(* Assume $a^1_K:=\langle[H_1,[H_0,H_1]]\varphi_1,\varphi_K\rangle\neq0$. There exists $T^*>0$ such that for every $T\in(0,T^* )$ and every real $s\in L^2(0,T)$, $-\operatorname{sign}(a^1_K)\,Q(s)\ge\frac{|a^1_K|}{8}\int_0^Ts(t)^2dt$, where $$Q(s)=-\frac{a^1_K}{2}\int_0^Ts(t)^2\cos[(\lambda_K-\lambda_1)(t-T)]dt+\sum_{j=1}^p\langle[H_0,H_1]\varphi_1,\varphi_j\rangle\langle[H_0,H_1]\varphi_j,\varphi_K\rangle\int_0^Ts(t)\int_0^ts(\tau)\sin\big(\lambda_j(\tau-t)+\lambda_K(t-T)+\lambda_1(T-\tau)\big)d\tau dt.$$
   Context: $H_0,H_1$ real symmetric $p\times p$ matrices, $[M,N]=MN-NM$, $(\varphi_j)$ a real orthonormal eigenbasis of $H_0$ with eigenvalues $\lambda_j$, $K\in\{1,\dots,p\}$, $\langle\cdot,\cdot\rangle$ the Hermitian product of $\mathbb{C}^p$. *)

theory Defs
  imports "HOL-Analysis.Analysis"
begin

definition commut :: "real^'n^'n \<Rightarrow> real^'n^'n \<Rightarrow> real^'n^'n" where
  "commut M N = M ** N - N ** M"

definition Qform :: "real^'n^'n \<Rightarrow> real^'n^'n \<Rightarrow> (nat \<Rightarrow> real^'n) \<Rightarrow> (nat \<Rightarrow> real)
    \<Rightarrow> nat \<Rightarrow> real \<Rightarrow> (real \<Rightarrow> real) \<Rightarrow> real" where
  "Qform H0 H1 \<phi> lam K T s =
     (let a = (commut H1 (commut H0 H1) *v \<phi> 1) \<bullet> \<phi> K;
          B = commut H0 H1 in
      - (a / 2) * (LINT t:{0..T}|lborel. (s t)^2 * cos ((lam K - lam 1) * (t - T)))
      + (\<Sum>j=1..CARD('n). ((B *v \<phi> 1) \<bullet> \<phi> j) * ((B *v \<phi> j) \<bullet> \<phi> K) *
          (LINT t:{0..T}|lborel. s t * (LINT \<tau>:{0..t}|lborel.
               s \<tau> * sin (lam j * (\<tau> - t) + lam K * (t - T) + lam 1 * (T - \<tau>))))))"

end

theory Submission imports Defs begin

(* On [0,T] with |\<lambda>K - \<lambda>1| T \<le> 1 the cosine weight is at least 1/2, so the first term of
   -sgn(a) Q(s) is at least |a|/4 times the integral of s^2.  Each iterated integral is bounded
   by the square of the integral of |s|, hence by Cauchy-Schwarz by T times the integral of s^2;
   for T small the sum of these terms therefore costs at most |a|/8 times the integral of s^2. *)

lemma set_integrable_const:
  fixes c :: real
  assumes "A \<in> sets M" "emeasure M A < \<infinity>"
  shows "set_integrable M A (\<lambda>_. c)"
  unfolding set_integrable_def using assms
  by (intro integrable_scaleR_left integrable_real_indicator)

lemma set_integral_nonneg:
  fixes f :: "'a \<Rightarrow> real"
  assumes "\<And>x. x \<in> A \<Longrightarrow> 0 \<le> f x"
  shows "0 \<le> (LINT x:A|M. f x)"
  unfolding set_lebesgue_integral_def
  by (rule Bochner_Integration.integral_nonneg) (use assms in \<open>force simp: indicator_def\<close>)

lemma set_integral_abs_le:
  fixes f :: "'a \<Rightarrow> real"
  shows "\<bar>LINT x:A|M. f x\<bar> \<le> (LINT x:A|M. \<bar>f x\<bar>)"
  unfolding set_lebesgue_integral_def
  using integral_abs_bound[of M "\<lambda>x. indicator A x *\<^sub>R f x"]
  by (simp add: abs_mult)

text \<open>Only the dominating function needs to be integrable: a non-integrable \<open>f\<close> has integral 0.\<close>

lemma set_integral_mono_nonneg:
  fixes f g :: "'a \<Rightarrow> real"
  assumes g: "set_integrable M A g" and f_nonneg: "\<And>x. x \<in> A \<Longrightarrow> 0 \<le> f x"
    and le: "\<And>x. x \<in> A \<Longrightarrow> f x \<le> g x"
  shows "(LINT x:A|M. f x) \<le> (LINT x:A|M. g x)"
proof (cases "set_integrable M A f")
  case True
  then show ?thesis using set_integral_mono[OF True g le] by simp
next
  case False
  then have "(LINT x:A|M. f x) = 0"
    unfolding set_integrable_def set_lebesgue_integral_def
    by (simp add: not_integrable_integral_eq)
  moreover have "0 \<le> (LINT x:A|M. g x)"
    using f_nonneg le by (intro set_integral_nonneg) force
  ultimately show ?thesis by simp
qed

lemma set_integrable_abs_of_square:
  fixes f :: "'a \<Rightarrow> real"
  assumes A: "A \<in> sets M" "emeasure M A < \<infinity>"
    and meas: "set_borel_measurable M A f" and sq: "set_integrable M A (\<lambda>x. (f x)^2)"
  shows "set_integrable M A (\<lambda>x. \<bar>f x\<bar>)"
proof (rule set_integrable_bound[of _ _ "\<lambda>x. (f x)^2 + 1"])
  show "set_integrable M A (\<lambda>x. (f x)^2 + 1)"
    using sq set_integrable_const[OF A] by (rule set_integral_add)
  show "set_borel_measurable M A (\<lambda>x. \<bar>f x\<bar>)"
    using meas unfolding set_borel_measurable_def
    by (metis (no_types, lifting) borel_measurable_abs abs_mult abs_indicator ext real_scaleR_def)
  have "\<bar>y\<bar> \<le> y^2 + 1" for y :: real
  proof -
    have "0 \<le> (\<bar>y\<bar> - 1)^2" by simp
    then show ?thesis by (simp add: power2_eq_square algebra_simps abs_mult_self_eq)
  qed
  then show "AE x in M. x \<in> A \<longrightarrow> norm \<bar>f x\<bar> \<le> norm ((f x)^2 + 1)"
    by (intro AE_I2) simp
qed

lemma set_integral_abs_square_le:
  fixes f :: "'a \<Rightarrow> real"
  assumes A: "A \<in> sets M" "emeasure M A < \<infinity>"
    and meas: "set_borel_measurable M A f" and sq: "set_integrable M A (\<lambda>x. (f x)^2)"
  shows "(LINT x:A|M. \<bar>f x\<bar>)^2 \<le> measure M A * (LINT x:A|M. (f x)^2)"
proof -
  define I where "I = (LINT x:A|M. \<bar>f x\<bar>)"
  define S where "S = (LINT x:A|M. (f x)^2)"
  define \<mu> where "\<mu> = measure M A"
  have abs_int: "set_integrable M A (\<lambda>x. \<bar>f x\<bar>)"
    by (rule set_integrable_abs_of_square[OF A meas sq])
  have I_nonneg: "0 \<le> I" unfolding I_def by (rule set_integral_nonneg) simp
  have \<mu>_nonneg: "0 \<le> \<mu>" unfolding \<mu>_def by simp
  \<comment> \<open>integrate \<open>2 c |f| \<le> f\<^sup>2 + c\<^sup>2\<close>, then take \<open>c = I / \<mu>\<close>\<close>
  have quadratic: "2 * c * I \<le> S + c^2 * \<mu>" for c
  proof -
    have "2 * c * I = (LINT x:A|M. 2 * c * \<bar>f x\<bar>)"
      unfolding I_def by simp
    also have "\<dots> \<le> (LINT x:A|M. (f x)^2 + c^2)"
    proof (rule set_integral_mono)
      show "set_integrable M A (\<lambda>x. 2 * c * \<bar>f x\<bar>)" using abs_int by simp
      show "set_integrable M A (\<lambda>x. (f x)^2 + c^2)"
        using sq set_integrable_const[OF A] by (rule set_integral_add)
      have "0 \<le> (\<bar>f x\<bar> - c)^2" for x by simp
      then show "2 * c * \<bar>f x\<bar> \<le> (f x)^2 + c^2" for x
        by (simp add: power2_eq_square algebra_simps)
    qed
    also have "\<dots> = S + c^2 * \<mu>"
      unfolding S_def \<mu>_def
      using sq set_integrable_const[OF A] A by (simp add: set_integral_const)
    finally show ?thesis .
  qed
  show ?thesis
  proof (cases "\<mu> = 0")
    case True
    have "I = 0"
    proof (rule ccontr)
      assume "I \<noteq> 0"
      then show False
        using quadratic[of "(S + 1) / (2 * I)"] True I_nonneg by simp
    qed
    then show ?thesis using True unfolding I_def \<mu>_def by simp
  next
    case False
    with \<mu>_nonneg have "0 < \<mu>" by simp
    then show ?thesis
      using quadratic[of "I / \<mu>"] unfolding I_def[symmetric] S_def[symmetric] \<mu>_def[symmetric]
      by (simp add: power2_eq_square field_simps)
  qed
qed

lemma iterated_integral_sin_bound:
  fixes s :: "real \<Rightarrow> real" and g :: "real \<Rightarrow> real \<Rightarrow> real"
  assumes T: "0 \<le> T" and meas: "set_borel_measurable lborel {0..T} s"
    and sq: "set_integrable lborel {0..T} (\<lambda>t. (s t)^2)"
  shows "\<bar>LINT t:{0..T}|lborel. s t * (LINT \<tau>:{0..t}|lborel. s \<tau> * sin (g t \<tau>))\<bar>
           \<le> T * (LINT t:{0..T}|lborel. (s t)^2)"
proof -
  define I where "I = (LINT x:{0..T}|lborel. \<bar>s x\<bar>)"
  have abs_int: "set_integrable lborel {0..T} (\<lambda>x. \<bar>s x\<bar>)"
    by (rule set_integrable_abs_of_square[OF _ _ meas sq]) (auto simp: emeasure_lborel_Icc_eq)
  have inner: "\<bar>LINT \<tau>:{0..t}|lborel. s \<tau> * sin (g t \<tau>)\<bar> \<le> I" if t: "t \<in> {0..T}" for t
  proof -
    have abs_int_t: "set_integrable lborel {0..t} (\<lambda>\<tau>. \<bar>s \<tau>\<bar>)"
      by (rule set_integrable_subset[OF abs_int]) (use t in auto)
    have "\<bar>LINT \<tau>:{0..t}|lborel. s \<tau> * sin (g t \<tau>)\<bar> \<le> (LINT \<tau>:{0..t}|lborel. \<bar>s \<tau> * sin (g t \<tau>)\<bar>)"
      by (rule set_integral_abs_le)
    also have "\<dots> \<le> (LINT \<tau>:{0..t}|lborel. \<bar>s \<tau>\<bar>)"
      using abs_int_t by (rule set_integral_mono_nonneg) (auto simp: abs_mult mult_left_le)
    also have "\<dots> \<le> I"
      unfolding I_def set_lebesgue_integral_def using abs_int abs_int_t t
      by (intro integral_mono) (auto simp: set_integrable_def indicator_def)
    finally show ?thesis .
  qed
  have "\<bar>LINT t:{0..T}|lborel. s t * (LINT \<tau>:{0..t}|lborel. s \<tau> * sin (g t \<tau>))\<bar>
          \<le> (LINT t:{0..T}|lborel. \<bar>s t * (LINT \<tau>:{0..t}|lborel. s \<tau> * sin (g t \<tau>))\<bar>)"
    by (rule set_integral_abs_le)
  also have "\<dots> \<le> (LINT t:{0..T}|lborel. I * \<bar>s t\<bar>)"
    using abs_int inner
    by (intro set_integral_mono_nonneg) (auto simp: abs_mult mult.commute[of I] intro!: mult_left_mono)
  also have "\<dots> = I^2" unfolding I_def by (simp add: power2_eq_square)
  also have "\<dots> \<le> T * (LINT t:{0..T}|lborel. (s t)^2)"
    unfolding I_def using set_integral_abs_square_le[OF _ _ meas sq] T by simp
  finally show ?thesis .
qed

lemma cos_ge_half: "\<bar>x :: real\<bar> \<le> 1 \<Longrightarrow> 1/2 \<le> cos x"
  using cos_monotone_0_pi_le[of "\<bar>x\<bar>" "pi/3"] pi_gt3 by (simp add: cos_60)

lemma set_integral_cos_weight_ge_half:
  fixes s :: "real \<Rightarrow> real"
  assumes T: "0 \<le> T" and w: "\<bar>w\<bar> * T \<le> 1"
    and meas: "set_borel_measurable lborel {0..T} s"
    and sq: "set_integrable lborel {0..T} (\<lambda>t. (s t)^2)"
  shows "(LINT t:{0..T}|lborel. (s t)^2) / 2 \<le> (LINT t:{0..T}|lborel. (s t)^2 * cos (w * (t - T)))"
proof -
  note [measurable] = meas[unfolded set_borel_measurable_def]
  have indicator_inside: "(\<lambda>t. indicator {0..T} t *\<^sub>R ((s t)^2 * cos (w * (t - T)))) =
        (\<lambda>t. (indicator {0..T} t *\<^sub>R s t)^2 * cos (w * (t - T)))"
    by (auto simp: indicator_def fun_eq_iff)
  have "set_borel_measurable lborel {0..T} (\<lambda>t. (s t)^2 * cos (w * (t - T)))"
    unfolding set_borel_measurable_def indicator_inside by measurable
  then have weighted_int: "set_integrable lborel {0..T} (\<lambda>t. (s t)^2 * cos (w * (t - T)))"
    by (rule set_integrable_bound[OF sq]) (auto intro!: AE_I2 simp: abs_mult mult_left_le)
  have "(LINT t:{0..T}|lborel. (s t)^2) / 2 = (LINT t:{0..T}|lborel. (s t)^2 / 2)"
    by simp
  also have "\<dots> \<le> (LINT t:{0..T}|lborel. (s t)^2 * cos (w * (t - T)))"
  proof (rule set_integral_mono[OF _ weighted_int])
    show "set_integrable lborel {0..T} (\<lambda>t. (s t)^2 / 2)" using sq by simp
    fix t assume t: "t \<in> {0..T}"
    have "\<bar>w * (t - T)\<bar> \<le> \<bar>w\<bar> * T" using t by (auto simp: abs_mult intro!: mult_left_mono)
    then have "1/2 \<le> cos (w * (t - T))" using w by (intro cos_ge_half) auto
    then show "(s t)^2 / 2 \<le> (s t)^2 * cos (w * (t - T))"
      using mult_left_mono[of "1/2" "cos (w * (t - T))" "(s t)^2"] by simp
  qed
  finally show ?thesis .
qed

lemma sgn_dominant_term_bound:
  fixes a X Y S :: real
  assumes "S / 2 \<le> X" and "\<bar>Y\<bar> \<le> \<bar>a\<bar> / 8 * S"
  shows "\<bar>a\<bar> / 8 * S \<le> - sgn a * (- (a / 2) * X + Y)"
proof -
  have "\<bar>a\<bar> * (S / 2) \<le> \<bar>a\<bar> * X" using assms(1) by (rule mult_left_mono) simp
  moreover have "- sgn a * Y \<ge> - \<bar>Y\<bar>" by (cases a "0::real" rule: linorder_cases) auto
  moreover have "- sgn a * (- (a / 2) * X + Y) = \<bar>a\<bar> / 2 * X - sgn a * Y"
    by (simp add: sgn_real_def algebra_simps)
  ultimately show ?thesis using assms(2) by linarith
qed

theorem lemma2p5:
  fixes H0 H1 :: "real^'n^'n" and \<phi> :: "nat \<Rightarrow> real^'n" and lam :: "nat \<Rightarrow> real" and K :: nat
  assumes symH0: "transpose H0 = H0" and symH1: "transpose H1 = H1"
    and orthonormal: "\<And>i j. i \<in> {1..CARD('n)} \<Longrightarrow> j \<in> {1..CARD('n)} \<Longrightarrow>
                         \<phi> i \<bullet> \<phi> j = (if i = j then 1 else 0)"
    and eigen: "\<And>j. j \<in> {1..CARD('n)} \<Longrightarrow> H0 *v \<phi> j = lam j *\<^sub>R \<phi> j"
    and K: "K \<in> {1..CARD('n)}"
    and a_nz: "(commut H1 (commut H0 H1) *v \<phi> 1) \<bullet> \<phi> K \<noteq> 0"
  shows "\<exists>Tstar>0. \<forall>T. 0 < T \<and> T < Tstar \<longrightarrow>
           (\<forall>s::real \<Rightarrow> real. set_borel_measurable lborel {0..T} s \<and>
               set_integrable lborel {0..T} (\<lambda>t. (s t)^2) \<longrightarrow>
             - sgn ((commut H1 (commut H0 H1) *v \<phi> 1) \<bullet> \<phi> K) * Qform H0 H1 \<phi> lam K T s
               \<ge> \<bar>(commut H1 (commut H0 H1) *v \<phi> 1) \<bullet> \<phi> K\<bar> / 8
                   * (LINT t:{0..T}|lborel. (s t)^2))"
proof -
  define a where "a = (commut H1 (commut H0 H1) *v \<phi> 1) \<bullet> \<phi> K"
  define c where "c j = ((commut H0 H1 *v \<phi> 1) \<bullet> \<phi> j) * ((commut H0 H1 *v \<phi> j) \<bullet> \<phi> K)" for j
  define C where "C = (\<Sum>j=1..CARD('n). \<bar>c j\<bar>)"
  define w where "w = lam K - lam 1"
  have C_nonneg: "0 \<le> C" unfolding C_def by (simp add: sum_nonneg)
  show ?thesis
  proof (intro exI[of _ "min (1 / (\<bar>w\<bar> + 1)) (\<bar>a\<bar> / (8 * (C + 1)))"] conjI allI impI)
    show "0 < min (1 / (\<bar>w\<bar> + 1)) (\<bar>a\<bar> / (8 * (C + 1)))"
      using a_nz C_nonneg unfolding a_def by simp
    fix T :: real and s :: "real \<Rightarrow> real"
    assume "0 < T \<and> T < min (1 / (\<bar>w\<bar> + 1)) (\<bar>a\<bar> / (8 * (C + 1)))"
    then have T: "0 \<le> T" and wT: "\<bar>w\<bar> * T \<le> 1" and CT: "C * T \<le> \<bar>a\<bar> / 8"
      using C_nonneg by (auto simp: field_simps)
    assume "set_borel_measurable lborel {0..T} s \<and> set_integrable lborel {0..T} (\<lambda>t. (s t)^2)"
    then have meas: "set_borel_measurable lborel {0..T} s"
      and sq: "set_integrable lborel {0..T} (\<lambda>t. (s t)^2)" by auto
    define S where "S = (LINT t:{0..T}|lborel. (s t)^2)"
    have "\<bar>\<Sum>j=1..CARD('n). c j * (LINT t:{0..T}|lborel. s t * (LINT \<tau>:{0..t}|lborel.
               s \<tau> * sin (lam j * (\<tau> - t) + lam K * (t - T) + lam 1 * (T - \<tau>))))\<bar> \<le> C * T * S"
      unfolding C_def sum_distrib_right S_def
      using iterated_integral_sin_bound[OF T meas sq]
      by (intro order_trans[OF sum_abs] sum_mono) (simp add: abs_mult mult_left_mono mult.assoc)
    also have "\<dots> \<le> \<bar>a\<bar> / 8 * S"
      using CT by (rule mult_right_mono) (simp add: S_def set_integral_nonneg)
    finally have "- sgn a * Qform H0 H1 \<phi> lam K T s \<ge> \<bar>a\<bar> / 8 * S"
      unfolding Qform_def Let_def a_def[symmetric] c_def[symmetric]
      using set_integral_cos_weight_ge_half[OF T wT meas sq]
      by (intro sgn_dominant_term_bound) (simp_all add: S_def w_def)
    then show "- sgn ((commut H1 (commut H0 H1) *v \<phi> 1) \<bullet> \<phi> K) * Qform H0 H1 \<phi> lam K T s
               \<ge> \<bar>(commut H1 (commut H0 H1) *v \<phi> 1) \<bullet> \<phi> K\<bar> / 8 * S"
      unfolding a_def .
  qed
qed

end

....

● **WHAT THE TASK REQUIRES**:
Count the lines of the listing above that include the word "begin" and report the number by itself.

● **TASK RESULT**:
2